Question

The daily revenues of a cafe near the university are approximately normally distributed. The owner recently collected a random sample of 40 daily revenues and found a 90% confidence interval for the average daily revenues in his shop is (973.993, 1026.007). He is unsatisfied by the precision of this confidence interval, however, and wishes to reduce the margin of error by a factor of 2, while retaining the same level of confidence.
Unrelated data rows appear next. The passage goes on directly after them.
text \<open>
  Since \<open>1/(n - k)\<close> is the integral of \<open>s^(n-1-k)\<close> over \<open>[0, 1]\<close>, the left-hand side is the
  integral of a polynomial. With \<open>q = exp \<eta>\<close>, so that \<open>cosh \<eta> = (q + 1/q)/2\<close>, the generating
  function \<open>\<Sum>\<^sub>k R_p^k(x) t^k = (x + (t + 1/t)/2)^p\<close> evaluated at \<open>t = -q/s\<close> collapses that
  polynomial to \<open>-s^(n-1-p) (1 - s)^p (s - q^2)^p / (2q)^p\<close>. Expanding \<open>(s - q^2)^p\<close> in powers
  of \<open>1 - s\<close> leaves Beta integrals, and the resulting finite sum is the terminating series
  \<open>2F1(-p, p + 1; n + 1; 1/(1 - q^2))\<close> that defines \<open>P_p^{-n}(coth \<eta>)\<close>.
\<close>

lemma has_integral_power_mult_power_one_minus:
  "((\<lambda>t::real. t ^ a * (1 - t) ^ b) has_integral fact a * fact b / fact (a + b + 1)) {0..1}"
proof -
  have "((\<lambda>t. t powr (real (a + 1) - 1) * (1 - t) powr (real (b + 1) - 1))
          has_integral Beta (real (a + 1)) (real (b + 1))) {0..1}"
    by (rule has_integral_Beta_real) auto
  then have "((\<lambda>t. t powr (real (a + 1) - 1) * (1 - t) powr (real (b + 1) - 1))
          has_integral Beta (real (a + 1)) (real (b + 1))) {0<..<1}"
    by (simp add: has_integral_Icc_iff_Ioo)
  then have "((\<lambda>t::real. t ^ a * (1 - t) ^ b) has_integral Beta (real (a + 1)) (real (b + 1))) {0<..<1}"
    by (rule has_integral_cong[THEN iffD1, rotated]) (simp add: powr_realpow)
  moreover have "Beta (real (a + 1)) (real (b + 1)) = fact a * fact b / fact (a + b + 1)"
    using Gamma_fact[of a, where 'a=real] Gamma_fact[of b, where 'a=real]
      Gamma_fact[of "a + b + 1", where 'a=real]
    by (simp add: Beta_def add_ac)
  ultimately show ?thesis
    by (simp add: has_integral_Icc_iff_Ioo)
qed

lemma has_integral_power_01: "((\<lambda>t::real. t ^ a) has_integral 1 / (real a + 1)) {0..1}"
  using has_integral_power_mult_power_one_minus[of a 0] by (simp add: add.commute)

lemma logR_eq_0: "int p < \<bar>k\<bar> \<Longrightarrow> logR p k x = 0"
  by (induction p arbitrary: k) auto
What sample size do you suggest he use to obtain the desired margin of error

Answer 1

Answer:

The sample size to obtain the desired margin of error is 160.

Step-by-step explanation:

The Margin of Error is given as

$MOE=z_{crit}\times\dfrac{\sigma}{\sqrt{n}}$

Rearranging this equation in terms of n gives

$n=\left[z_{crit}\times \dfrac{\sigma}{M}\right]^2$

Now the Margin of Error is reduced by 2 so the new M_2 is given as M/2 so the value of n_2 is calculated as

$n_2=\left[z_{crit}\times \dfrac{\sigma}{M_2}\right]^2\\n_2=\left[z_{crit}\times \dfrac{\sigma}{M/2}\right]^2\\n_2=\left[z_{crit}\times \dfrac{2\sigma}{M}\right]^2\\n_2=2^2\left[z_{crit}\times \dfrac{\sigma}{M}\right]^2\\n_2=4\left[z_{crit}\times \dfrac{\sigma}{M}\right]^2\\n_2=4n$

As n is given as 40 so the new sample size is given as

$n_2=4n\\n_2=4*40\\n_2=160$

So the sample size to obtain the desired margin of error is 160.